What is the difference between adjustable life and whole life insurance?

Universal life insurance is a type of insurance that lasts until you die, as long as you keep paying for it. It's similar to whole life insurance, but it has options that let you change your policy.

Is adjustable life insurance permanent?

Adjustable life insurance is a kind of permanent insurance that can change. This means it can be different if you need it to be.

What are adjustable rates for life policy?

Whole life insurance means you pay the same amount of money every time. But with adjustable life insurance, you can change how much you pay and how much your family gets if something happens to you. With whole life, the extra money you save stays the same, but with adjustable life it can change depending on how well things are going in the world.

Are adjustable rates worth the risk?

If you are only going to live in your house for a little while, an ARM might be a good idea. This is especially helpful if you plan on paying off your mortgage early or think that you'll make more money in the future. You can also protect yourself by getting life insurance that covers the amount of your mortgage.

What is the downside of an adjustable interest rate?

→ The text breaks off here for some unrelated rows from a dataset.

lemma lpc_model_canonical_model:
  assumes "mcs CS G0"
  shows "lpc_model CS (canonical_model CS)"
  unfolding lpc_model_def
proof (intro conjI ballI)
  show "rel_model (canonical_model CS)"
    using assms by (rule rel_model_canonical_model)
next
  fix w assume "w \<in> WN (canonical_model CS)"
  then obtain G where G: "mcs CS G" "w = {G}"
    by (auto simp: normal_world_def)
  note succ_Just = RT_canonical_model_Just[OF G(1), folded G(2)]
  show "\<forall>a. succs (RF (canonical_model CS) a) w \<subseteq> ext (canonical_model CS) a"
    using G by (auto simp: succs_def ext_canonical_model RF_canonical_model)
  show "\<forall>a. w \<in> ext (canonical_model CS) a \<longrightarrow> w \<in> succs (RF (canonical_model CS) a) w"
    using G mcs_Cond_MP[OF G(1)] by (auto simp: succs_def ext_canonical_model RF_canonical_model)
  show "\<forall>c a. Just (Const c) a \<in> CS \<longrightarrow> succs (RT (canonical_model CS) (Const c)) w \<subseteq> ext (canonical_model CS) a"
    using succ_Just mcs_derivable[OF G(1) derivable.CSax]
    by (auto simp: succs_def ext_canonical_model)
  show "\<forall>s t. succs (RT (canonical_model CS) (Plus s t)) w
      \<subseteq> succs (RT (canonical_model CS) s) w \<inter> succs (RT (canonical_model CS) t) w"
    using G mcs_Cond_MP[OF G(1) mcs_axiom[OF G(1) is_axiom.A6]]
      mcs_Cond_MP[OF G(1) mcs_axiom[OF G(1) is_axiom.A7]]
    by (auto simp: succs_def RT_canonical_model)
  show "\<forall>s t. \<forall>v\<in>succs (RT (canonical_model CS) (App s t)) w. \<forall>a b.
      w \<in> ext (canonical_model CS) (And (Just s (Cond a b)) (Just t a)) \<longrightarrow> v \<in> ext (canonical_model CS) b"
    using G succ_Just mcs_Cond_MP[OF G(1) mcs_axiom[OF G(1) is_axiom.A5]]
    by (auto simp: succs_def ext_canonical_model)
  show "\<forall>t. (w, w) \<in> RT (canonical_model CS) t"
    using G by (auto simp: RT_canonical_model normal_world_def)
  show "\<forall>t. \<forall>v\<in>W (canonical_model CS). \<forall>u\<in>W (canonical_model CS).
      (w, v) \<in> RT (canonical_model CS) (Bang t) \<and> (v, u) \<in> RT (canonical_model CS) t
        \<longrightarrow> (w, u) \<in> RT (canonical_model CS) t"
    \<comment> \<open>v has an RT-successor, so it is normal and hence equal to w\<close>
    by (auto simp: RT_canonical_model)
  show "\<forall>a b t. w \<in> ext (canonical_model CS) (Just t b) \<and> (w, v) \<in> RT (canonical_model CS) (TPair t a)
      \<longrightarrow> v \<in> ext (canonical_model CS) (Cond a b)" for v
    using G succ_Just mcs_Imp[OF G(1)] mcs_axiom[OF G(1) is_axiom.A10]
    by (auto simp: ext_canonical_model)
qed
(* Let $G$ be a graph and let $v$ be a cut vertex of $G$ which decomposes $G$ into $G_1=G(V_1)$ and $H=G(U)$, where $H$ is a cycle. Let $f$ be a divisor on $G$ such that $f_{N(H)}$ is good, and put $r=\rho_{G_1}(f_{G/H})$. Then $$\rho_G(f)=\begin{cases} r & \text{if } \rho_{G_1}(f_{G/H}-2\epsilon_v)\ge r-1,\\ r-1 & \text{if } \rho_{G_1}(f_{G/H}-2\epsilon_v)=r-2.\end{cases}$$
   Context: Graphs are finite, undirected, connected, loopless, possibly with multiple edges; $G(W)$ is the induced subgraph on $W$. A cycle is a connected graph with at least two vertices, all of degree $2$. A vertex $v$ is a cut vertex if removing it disconnects $G$; it decomposes $G$ into $G_1=G(V_1)$ and $H=G(U)$ if $V(G)=V_1\cup U$, $V_1\cap U=\{v\}$, both induced subgraphs are connected, and no edge joins $V_1\setminus\{v\}$ to $U\setminus\{v\}$. A divisor is a function $V\to\mathbb{Z}$, $\deg(f)=\sum f(u)$; $\epsilon_v$ is the divisor with value $1$ at $v$ and $0$ elsewhere. Contraction: $f_{G/H}$ is the divisor on $G_1$ with $f_{G/H}(u)=f(u)$ for $u\in V_1\setminus\{v\}$, $f_{G/H}(v)=\sum_{u\in U}f(u)$. Zero: $f_{N(H)}$ is the divisor on $H$ with $f_{N(H)}(u)=f(u)$ for $u\in U\setminus\{v\}$ and $f_{N(H)}(v)=-\sum_{u\in U\setminus\{v\}}f(u)$. Laplacian $\Delta_X(u,u)=\deg(u)$, $\Delta_X(u,w)=-e(u,w)$ for $u\ne w$; $f\sim g$ on $X$ if $g=f+x\Delta_X$, $x$ integral. Effective: all values $\ge0$; L-effective: equivalent to an effective divisor. A degree-$0$ divisor on the cycle $H$ is good if it is L-effective on $H$, bad otherwise. The rank $\rho_X(f)$ on a graph $X$ is $-1$ if $f$ is not L-effective on $X$, otherwise the largest $r\ge0$ with $f-\lambda$ L-effective on $X$ for all effective $\lambda$ of degree $r$ on $X$. *)

theory Defs
  imports Main
begin

text \<open>A (multi)graph on a finite vertex set W is given by an edge-multiplicity
function e (e u w = number of edges joining u and w). Induced subgraphs G(W')
are (W', e). Divisors are functions 'a => int, only their values on the
vertex set matter.\<close>

definition adj_in :: "'a set \<Rightarrow> ('a \<Rightarrow> 'a \<Rightarrow> nat) \<Rightarrow> 'a \<Rightarrow> 'a \<Rightarrow> bool" where
  "adj_in W e u w \<longleftrightarrow> u \<in> W \<and> w \<in> W \<and> e u w > 0"

definition connected_on :: "'a set \<Rightarrow> ('a \<Rightarrow> 'a \<Rightarrow> nat) \<Rightarrow> bool" where
  "connected_on W e \<longleftrightarrow> W \<noteq> {} \<and> (\<forall>u\<in>W. \<forall>w\<in>W. (adj_in W e)\<^sup>*\<^sup>* u w)"

definition graph :: "'a set \<Rightarrow> ('a \<Rightarrow> 'a \<Rightarrow> nat) \<Rightarrow> bool" where
  "graph W e \<longleftrightarrow> finite W \<and> (\<forall>u w. e u w = e w u) \<and> (\<forall>u. e u u = 0) \<and> connected_on W e"

definition vdeg :: "'a set \<Rightarrow> ('a \<Rightarrow> 'a \<Rightarrow> nat) \<Rightarrow> 'a \<Rightarrow> nat" where
  "vdeg W e u = (\<Sum>w\<in>W. e u w)"

definition is_cycle :: "'a set \<Rightarrow> ('a \<Rightarrow> 'a \<Rightarrow> nat) \<Rightarrow> bool" where
  "is_cycle W e \<longleftrightarrow> graph W e \<and> card W \<ge> 2 \<and> (\<forall>u\<in>W. vdeg W e u = 2)"

definition cut_vertex :: "'a set \<Rightarrow> ('a \<Rightarrow> 'a \<Rightarrow> nat) \<Rightarrow> 'a \<Rightarrow> bool" where
  "cut_vertex V e v \<longleftrightarrow> v \<in> V \<and> \<not> connected_on (V - {v}) e"

definition decomposes :: "'a set \<Rightarrow> ('a \<Rightarrow> 'a \<Rightarrow> nat) \<Rightarrow> 'a \<Rightarrow> 'a set \<Rightarrow> 'a set \<Rightarrow> bool" where
  "decomposes V e v V1 U \<longleftrightarrow> V = V1 \<union> U \<and> V1 \<inter> U = {v} \<and>
     connected_on V1 e \<and> connected_on U e \<and>
     (\<forall>a\<in>V1 - {v}. \<forall>b\<in>U - {v}. e a b = 0)"

definition laplacian :: "'a set \<Rightarrow> ('a \<Rightarrow> 'a \<Rightarrow> nat) \<Rightarrow> 'a \<Rightarrow> 'a \<Rightarrow> int" where
  "laplacian W e u w = (if u = w then int (vdeg W e u) else - int (e u w))"

definition div_deg :: "'a set \<Rightarrow> ('a \<Rightarrow> int) \<Rightarrow> int" where
  "div_deg W f = (\<Sum>u\<in>W. f u)"

definition effective :: "'a set \<Rightarrow> ('a \<Rightarrow> int) \<Rightarrow> bool" where
  "effective W f \<longleftrightarrow> (\<forall>u\<in>W. f u \<ge> 0)"

definition lin_equiv :: "'a set \<Rightarrow> ('a \<Rightarrow> 'a \<Rightarrow> nat) \<Rightarrow> ('a \<Rightarrow> int) \<Rightarrow> ('a \<Rightarrow> int) \<Rightarrow> bool" where
  "lin_equiv W e f g \<longleftrightarrow> (\<exists>x :: 'a \<Rightarrow> int. \<forall>w\<in>W. g w = f w + (\<Sum>u\<in>W. x u * laplacian W e u w))"

definition L_effective :: "'a set \<Rightarrow> ('a \<Rightarrow> 'a \<Rightarrow> nat) \<Rightarrow> ('a \<Rightarrow> int) \<Rightarrow> bool" where
  "L_effective W e f \<longleftrightarrow> (\<exists>g. effective W g \<and> lin_equiv W e f g)"

definition div_rank :: "'a set \<Rightarrow> ('a \<Rightarrow> 'a \<Rightarrow> nat) \<Rightarrow> ('a \<Rightarrow> int) \<Rightarrow> int" where
  "div_rank W e f = (if \<not> L_effective W e f then -1
     else int (GREATEST r :: nat. \<forall>lam. effective W lam \<and> div_deg W lam = int r
                                 \<longrightarrow> L_effective W e (\<lambda>u. f u - lam u)))"

definition eps :: "'a \<Rightarrow> 'a \<Rightarrow> int" where
  "eps v = (\<lambda>u. if u = v then 1 else 0)"

text \<open>f_{G/H}: divisor on G_1 = G(V1).\<close>
definition contract_div :: "'a set \<Rightarrow> 'a \<Rightarrow> ('a \<Rightarrow> int) \<Rightarrow> 'a \<Rightarrow> int" where
  "contract_div U v f = (\<lambda>u. if u = v then (\<Sum>w\<in>U. f w) else f u)"

text \<open>f_{N(H)}: divisor on H = G(U).\<close>
definition zero_div :: "'a set \<Rightarrow> 'a \<Rightarrow> ('a \<Rightarrow> int) \<Rightarrow> 'a \<Rightarrow> int" where
  "zero_div U v f = (\<lambda>u. if u = v then - (\<Sum>w\<in>U - {v}. f w) else f u)"

definition good :: "'a set \<Rightarrow> ('a \<Rightarrow> 'a \<Rightarrow> nat) \<Rightarrow> ('a \<Rightarrow> int) \<Rightarrow> bool" where
  "good U e g \<longleftrightarrow> div_deg U g = 0 \<and> L_effective U e g"

end

theory Submission
  imports Defs
begin

text \<open>The Laplacian of G splits at the cut vertex v: a divisor on G is principal iff its
  contraction to G_1 and its zeroing on H are principal. Hence a divisor E is L-effective on G iff,
  for some c \<ge> 0, E_{G/H} - c \<epsilon>_v is L-effective on G_1 and E_{N(H)} + c \<epsilon>_v is
  L-effective on H. On the cycle H every divisor of positive degree is L-effective, because a
  reduced divisor has at most genus = 1 chip away from its base vertex; and \<epsilon>_u - \<epsilon>_v is
  never principal, so c = 0 is impossible once \<lambda> has a chip on H - v. Distributing the chips
  of an effective \<lambda> of degree k between G_1 and H then gives \<rho>_G(f) \<ge> k iff
  \<rho>_{G_1}(f_{G/H}) \<ge> k and \<rho>_{G_1}(f_{G/H} - 2\<epsilon>_v) \<ge> k - 1, that is
  \<rho>_G(f) = min(r, \<rho>_{G_1}(f_{G/H} - 2\<epsilon>_v) + 1).\<close>

definition laplace :: "'a set \<Rightarrow> ('a \<Rightarrow> 'a \<Rightarrow> nat) \<Rightarrow> ('a \<Rightarrow> int) \<Rightarrow> 'a \<Rightarrow> int" where
  "laplace W e x w = (\<Sum>u\<in>W. int (e u w) * (x w - x u))"

definition principal :: "'a set \<Rightarrow> ('a \<Rightarrow> 'a \<Rightarrow> nat) \<Rightarrow> ('a \<Rightarrow> int) \<Rightarrow> bool" where
  "principal W e D \<longleftrightarrow> (\<exists>x. \<forall>w\<in>W. D w = laplace W e x w)"

lemma laplace_cong:
  "(\<And>u. u \<in> W \<Longrightarrow> x u = y u) \<Longrightarrow> w \<in> W \<Longrightarrow> laplace W e x w = laplace W e y w"
  unfolding laplace_def by (intro sum.cong) auto

lemma laplace_diff: "laplace W e (\<lambda>u. x u - y u) w = laplace W e x w - laplace W e y w"
  unfolding laplace_def sum_subtractf[symmetric] by (rule sum.cong) (simp_all add: algebra_simps)

lemma laplace_diff_const: "laplace W e (\<lambda>u. x u - c) w = laplace W e x w"
  unfolding laplace_def by simp

lemma laplace_indicator:
  assumes "finite W"
  shows "laplace W e (\<lambda>u. if u \<in> S then 1 else 0) w =
    (if w \<in> S then (\<Sum>u\<in>W-S. int (e u w)) else - (\<Sum>u\<in>W\<inter>S. int (e u w)))"
proof (cases "w \<in> S")
  case True
  then have "laplace W e (\<lambda>u. if u \<in> S then 1 else 0) w = (\<Sum>u\<in>W. if u \<in> S then 0 else int (e u w))"
    unfolding laplace_def by (intro sum.cong) auto
  then show ?thesis using True assms by (simp add: sum.If_cases Diff_eq)
next
  case False
  then have "laplace W e (\<lambda>u. if u \<in> S then 1 else 0) w = (\<Sum>u\<in>W. if u \<in> S then - int (e u w) else 0)"
    unfolding laplace_def by (intro sum.cong) auto
  then show ?thesis using False assms by (simp add: sum.If_cases sum_negf)
qed

lemma principal_cong: "principal W e A \<Longrightarrow> (\<And>w. w \<in> W \<Longrightarrow> A w = B w) \<Longrightarrow> principal W e B"
  unfolding principal_def by auto
(* In the group \(\mathcal{G}\) described below, there exists \(\sigma\in\mathcal{N}\) such that \(t_{14}t_6t_3t_{11}=\sigma\, t_5t_3t_8t_{14}\).
   Context: Let \(\mathcal{G}=\langle x,y,t \mid x^7, y^2, (xy)^3, [x,y]^4, t^2, [t^{x^2},yx^{-1}], [t,y], (yt^{x^2})^5, (xyx^2t^x)^5, (xt)^8\rangle\), with \(a^g=g^{-1}ag\), \([a,b]=a^{-1}b^{-1}ab\). Let \(\mathcal{N}=\langle x,y\rangle\le\mathcal{G}\); it acts on \(\{1,\dots,14\}\) on the right via \(x\mapsto(1,2,3,4,5,6,7)(8,9,10,11,12,13,14)\), \(y\mapsto(1,12)(2,3)(4,11)(5,8)(6,13)(9,10)\). Put \(t_7=t\) and \(t_i=t^g\) for any \(g\in\mathcal{N}\) mapping \(7\) to \(i\) (well defined since the stabilizer of 7 centralizes \(t\)). *)

theory Defs
  imports Main
begin

text \<open>Elements are represented by words over the generators and their inverses;
  equality in G is the congruence generated by free cancellation and the relators.\<close>

datatype gen = X | Y | T

type_synonym word = "(gen \<times> bool) list"  (* (g, True) stands for g^-1 *)

definition ltr :: "gen \<Rightarrow> word" where "ltr g = [(g, False)]"

definition winv :: "word \<Rightarrow> word" where
  "winv w = rev (map (\<lambda>(g, b). (g, \<not> b)) w)"

definition wpow :: "word \<Rightarrow> nat \<Rightarrow> word" where
  "wpow w n = concat (replicate n w)"

definition wcomm :: "word \<Rightarrow> word \<Rightarrow> word" where
  "wcomm a b = winv a @ winv b @ a @ b"

definition wconj :: "word \<Rightarrow> word \<Rightarrow> word" where
  "wconj a g = winv g @ a @ g"

definition relators :: "word set" where
  "relators = {
     wpow (ltr X) 7,
     wpow (ltr Y) 2,
     wpow (ltr X @ ltr Y) 3,
     wpow (wcomm (ltr X) (ltr Y)) 4,
     wpow (ltr T) 2,
     wcomm (wconj (ltr T) (wpow (ltr X) 2)) (ltr Y @ winv (ltr X)),
     wcomm (ltr T) (ltr Y),
     wpow (ltr Y @ wconj (ltr T) (wpow (ltr X) 2)) 5,
     wpow (ltr X @ ltr Y @ wpow (ltr X) 2 @ wconj (ltr T) (ltr X)) 5,
     wpow (ltr X @ ltr T) 8 }"

inductive geq :: "word \<Rightarrow> word \<Rightarrow> bool" where
  geq_refl: "geq u u"
| geq_sym: "geq u v \<Longrightarrow> geq v u"
| geq_trans: "geq u v \<Longrightarrow> geq v w \<Longrightarrow> geq u w"
| geq_cancel: "geq [(g, b), (g, \<not> b)] []"
| geq_rel: "r \<in> relators \<Longrightarrow> geq r []"
| geq_app: "geq u v \<Longrightarrow> geq u' v' \<Longrightarrow> geq (u @ u') (v @ v')"

text \<open>Action of N = <x,y> on {1..14} (on the right).\<close>
definition xperm :: "nat \<Rightarrow> nat" where
  "xperm i = (if 1 \<le> i \<and> i < 7 then i + 1 else if i = 7 then 1
              else if 8 \<le> i \<and> i < 14 then i + 1 else if i = 14 then 8 else i)"

definition xinvperm :: "nat \<Rightarrow> nat" where
  "xinvperm i = (if 1 < i \<and> i \<le> 7 then i - 1 else if i = 1 then 7
              else if 8 < i \<and> i \<le> 14 then i - 1 else if i = 8 then 14 else i)"

definition yperm :: "nat \<Rightarrow> nat" where
  "yperm i = (if i = 1 then 12 else if i = 12 then 1
         else if i = 2 then 3 else if i = 3 then 2
         else if i = 4 then 11 else if i = 11 then 4
         else if i = 5 then 8 else if i = 8 then 5
         else if i = 6 then 13 else if i = 13 then 6
         else if i = 9 then 10 else if i = 10 then 9 else i)"

fun letter_perm :: "gen \<times> bool \<Rightarrow> nat \<Rightarrow> nat" where
  "letter_perm (X, False) i = xperm i"
| "letter_perm (X, True) i = xinvperm i"
| "letter_perm (Y, _) i = yperm i"
| "letter_perm (T, _) i = i"

definition act :: "nat \<Rightarrow> word \<Rightarrow> nat" where
  "act p w = foldl (\<lambda>q l. letter_perm l q) p w"

definition inN :: "word \<Rightarrow> bool" where
  "inN w \<longleftrightarrow> (\<forall>l \<in> set w. fst l \<in> {X, Y})"

definition tw :: "nat \<Rightarrow> word" where
  "tw i = wconj (ltr T) (SOME g. inN g \<and> act 7 g = i)"

end

theory Submission
  imports Defs
begin

text \<open>The point stabilizer of 7 in \<open>N\<close> centralizes \<open>t\<close>. It suffices to check this on its Schreier
  generators with respect to the transversal \<open>coset_rep\<close>. A relator of \<open>N\<close> read around the Schreier
  graph from any point, or one of the stabilizer elements \<open>y\<close> and \<open>x^2 y x^-3\<close> (which commute with
  \<open>t\<close> by the relators \<open>[t, y]\<close> and \<open>[t^(x^2), y x^-1]\<close>) read from 7, is a product of Schreier
  generators commuting with \<open>t\<close>; so once all factors but one are known to commute with \<open>t\<close>, so
  does the last. Two sweeps of this rule, starting from the edges of the spanning tree, reach all
  56 Schreier generators.

  Consequently \<open>t_j = t^(coset_rep j)\<close> satisfies \<open>t^g = t_(7g)\<close> and \<open>t_j n = n t_(jn)\<close> for \<open>n \<in> N\<close>.
  The relators \<open>(y t^(x^2))^5\<close>, \<open>(x y x^2 t^x)^5\<close> and \<open>(x t)^8\<close> then say that
  \<open>t_2 t_3 t_2 t_3 t_2\<close>, \<open>t_1 t_12 t_8 t_5 t_1\<close> and \<open>t_7 t_6 t_5 t_4 t_3 t_2 t_1 t_7\<close> lie in \<open>N\<close>.
  Their conjugates under \<open>N\<close> serve as rewriting rules modulo left multiplication by \<open>N\<close>, and 25
  rewriting steps lead from \<open>t_14 t_6 t_3 t_11\<close> to \<open>t_5 t_3 t_8 t_14\<close>.\<close>

abbreviation "xL \<equiv> (X, False)"
abbreviation "xI \<equiv> (X, True)"
abbreviation "yL \<equiv> (Y, False)"
abbreviation "yI \<equiv> (Y, True)"
abbreviation "tL \<equiv> (T, False)"

abbreviation points :: "nat set" where "points \<equiv> {1..14}"

declare geq_trans[trans]

section \<open>Words modulo the relations of \<open>G\<close>\<close>

lemma geq_append_left: "geq u v \<Longrightarrow> geq (a @ u) (a @ v)"
  by (rule geq_app[OF geq_refl])

lemma geq_append_right: "geq u v \<Longrightarrow> geq (u @ b) (v @ b)"
  by (rule geq_app[OF _ geq_refl])

lemma geq_append_mid: "geq u v \<Longrightarrow> geq (a @ u @ b) (a @ v @ b)"
  by (intro geq_append_left geq_append_right)

lemma winv_Nil [simp]: "winv [] = []"
  by (simp add: winv_def)

lemma winv_append [simp]: "winv (a @ b) = winv b @ winv a"
  by (simp add: winv_def)

lemma winv_Cons: "winv ((g, b) # w) = winv w @ [(g, \<not> b)]"
  by (simp add: winv_def)

lemma winv_winv [simp]: "winv (winv w) = w"
  by (induction w) (auto simp: winv_def)
(* Let $t\in\mathbb Z$ and $k\ge0$, and let $W_t(|t|+2k)$ be the cell module of ${\mathbb{TLB}}_{|t|+2k}(q,Q)$ indexed by $t$. Then $$\dim W_t(|t|+2k)=\binom{|t|+2k}{k}.$$
   Context: Temperley–Lieb diagrams $t\to s$ have $t$ bottom and $s$ top points of a rectangle joined in pairs by non-crossing arcs; the leftmost region is the region adjacent to the left edge; marked diagrams may carry at most one mark (dot) on each arc bounding the leftmost region. ${\mathbb{TLB}}_n(q,Q)$ is the algebra with basis the marked diagrams $n\to n$ (no loops), multiplied by concatenation with the rules: unmarked loop $\mapsto -(q+q^{-1})$, loop with one mark $\mapsto \frac qQ+\frac Qq$, an arc with two marks equals $-(Q+Q^{-1})$ times the arc with one mark. For $t\in\Lambda_B(n)=\{t: |t|\le n,\ t\equiv n\pmod 2\}$, the cell module $W_t(n)$ (for the cellular basis $C^t_{S,T}$ given by $D_2^*D_1$ for $t\ge0$ and $D_2^*(C_0\otimes I^{\otimes(|t|-1)})D_1$ for $t<0$) is the free module with basis the set $M(t)$ of monic diagrams $|t|\to n$ (i.e. with $|t|$ through strings) in which no through string is marked, with the induced action of ${\mathbb{TLB}}_n(q,Q)$. Here $C_0$ is a marked vertical strand, $I$ an unmarked one, $D^*$ the horizontal reflection of $D$. *)

theory Defs
  imports Main
begin

text \<open>Boundary points of a Temperley--Lieb diagram with m bottom and n top points.
  Bot i is the (i+1)-st bottom point from the left, Top j the (j+1)-st top point.\<close>
datatype pt = Bot nat | Top nat

definition tl_points :: "nat \<Rightarrow> nat \<Rightarrow> pt set" where
  "tl_points m n = Bot ` {..<m} \<union> Top ` {..<n}"

text \<open>Position of a boundary point when the boundary of the rectangle is cut open at
  the left edge: top points left to right (0..n-1), then bottom points right to left
  (n..n+m-1). The left edge lies between the last and the first position.\<close>
fun tl_pos :: "nat \<Rightarrow> nat \<Rightarrow> pt \<Rightarrow> nat" where
  "tl_pos m n (Top j) = j"
| "tl_pos m n (Bot i) = n + (m - 1 - i)"

definition arc_lo :: "nat \<Rightarrow> nat \<Rightarrow> pt set \<Rightarrow> nat" where
  "arc_lo m n e = Min (tl_pos m n ` e)"

definition arc_hi :: "nat \<Rightarrow> nat \<Rightarrow> pt set \<Rightarrow> nat" where
  "arc_hi m n e = Max (tl_pos m n ` e)"

definition arcs_cross :: "nat \<Rightarrow> nat \<Rightarrow> pt set \<Rightarrow> pt set \<Rightarrow> bool" where
  "arcs_cross m n e f \<longleftrightarrow>
     arc_lo m n e < arc_lo m n f \<and> arc_lo m n f < arc_hi m n e \<and> arc_hi m n e < arc_hi m n f"

text \<open>Arc e lies strictly inside arc f, i.e. f separates e from the left edge.\<close>
definition arc_nested_in :: "nat \<Rightarrow> nat \<Rightarrow> pt set \<Rightarrow> pt set \<Rightarrow> bool" where
  "arc_nested_in m n e f \<longleftrightarrow> arc_lo m n f < arc_lo m n e \<and> arc_hi m n e < arc_hi m n f"

definition tl_diagram :: "nat \<Rightarrow> nat \<Rightarrow> pt set set \<Rightarrow> bool" where
  "tl_diagram m n D \<longleftrightarrow>
     (\<forall>e\<in>D. e \<subseteq> tl_points m n \<and> card e = 2) \<and>
     (\<forall>p\<in>tl_points m n. \<exists>!e. e \<in> D \<and> p \<in> e) \<and>
     (\<forall>e\<in>D. \<forall>f\<in>D. \<not> arcs_cross m n e f)"

text \<open>An arc bounds the leftmost region iff no other arc separates it from the left edge.\<close>
definition bounds_leftmost :: "nat \<Rightarrow> nat \<Rightarrow> pt set set \<Rightarrow> pt set \<Rightarrow> bool" where
  "bounds_leftmost m n D e \<longleftrightarrow> e \<in> D \<and> \<not> (\<exists>f\<in>D. arc_nested_in m n e f)"

definition through_string :: "pt set \<Rightarrow> bool" where
  "through_string e \<longleftrightarrow> (\<exists>i j. e = {Bot i, Top j})"

text \<open>Marked diagram m \<rightarrow> n: a diagram D together with the set X of its marked arcs
  (at most one mark per arc), only arcs bounding the leftmost region being markable.\<close>
definition marked_diagram :: "nat \<Rightarrow> nat \<Rightarrow> pt set set \<times> pt set set \<Rightarrow> bool" where
  "marked_diagram m n DX \<longleftrightarrow>
     tl_diagram m n (fst DX) \<and> snd DX \<subseteq> {e. bounds_leftmost m n (fst DX) e}"

text \<open>M(t): monic marked diagrams |t| \<rightarrow> n (exactly |t| through strings) with no
  through string marked. This is the basis of the cell module W_t(n).\<close>
definition cell_basis :: "int \<Rightarrow> nat \<Rightarrow> (pt set set \<times> pt set set) set" where
  "cell_basis t n = {DX. marked_diagram (nat \<bar>t\<bar>) n DX \<and>
       card {e \<in> fst DX. through_string e} = nat \<bar>t\<bar> \<and>
       (\<forall>e\<in>snd DX. \<not> through_string e)}"

text \<open>W_t(n) is the free module with basis M(t); its dimension (rank) is card M(t).\<close>
definition cell_module_dim :: "int \<Rightarrow> nat \<Rightarrow> nat" where
  "cell_module_dim t n = card (cell_basis t n)"

end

It's easier to be approved for a loan and you have more choices with the payment plan. But it can be hard to plan your budget because the terms might change and you might not know how much you'll need to pay each month.

How do adjustable rates work?

If you have an adjustable-rate mortgage, the interest rate might change after a few years. This means that your monthly payments can change too. The changes are based on the market, not how much money you have.

What is the life insurance that pays you back?

Return of premium life insurance is when you can get some or all of the money back that you paid for your life insurance if you live longer than the time it covers. Some types of life insurance build up more money than what you pay for it.

What is an example of an adjustable rate?

A 5y/6m ARM means that for the first 5 years, the interest rate stays the same. After that, it can change every six months.

What life insurance builds cash value?

When you have permanent life insurance, it can give you some extra money. The amount of money and how fast it grows will decide if you have to pay taxes on it or not.

How long do adjustable rates last?

ARMs, or adjustable-rate mortgages, are loans that last for 30 years. The interest rate stays the same for a little while and then changes after that time is up.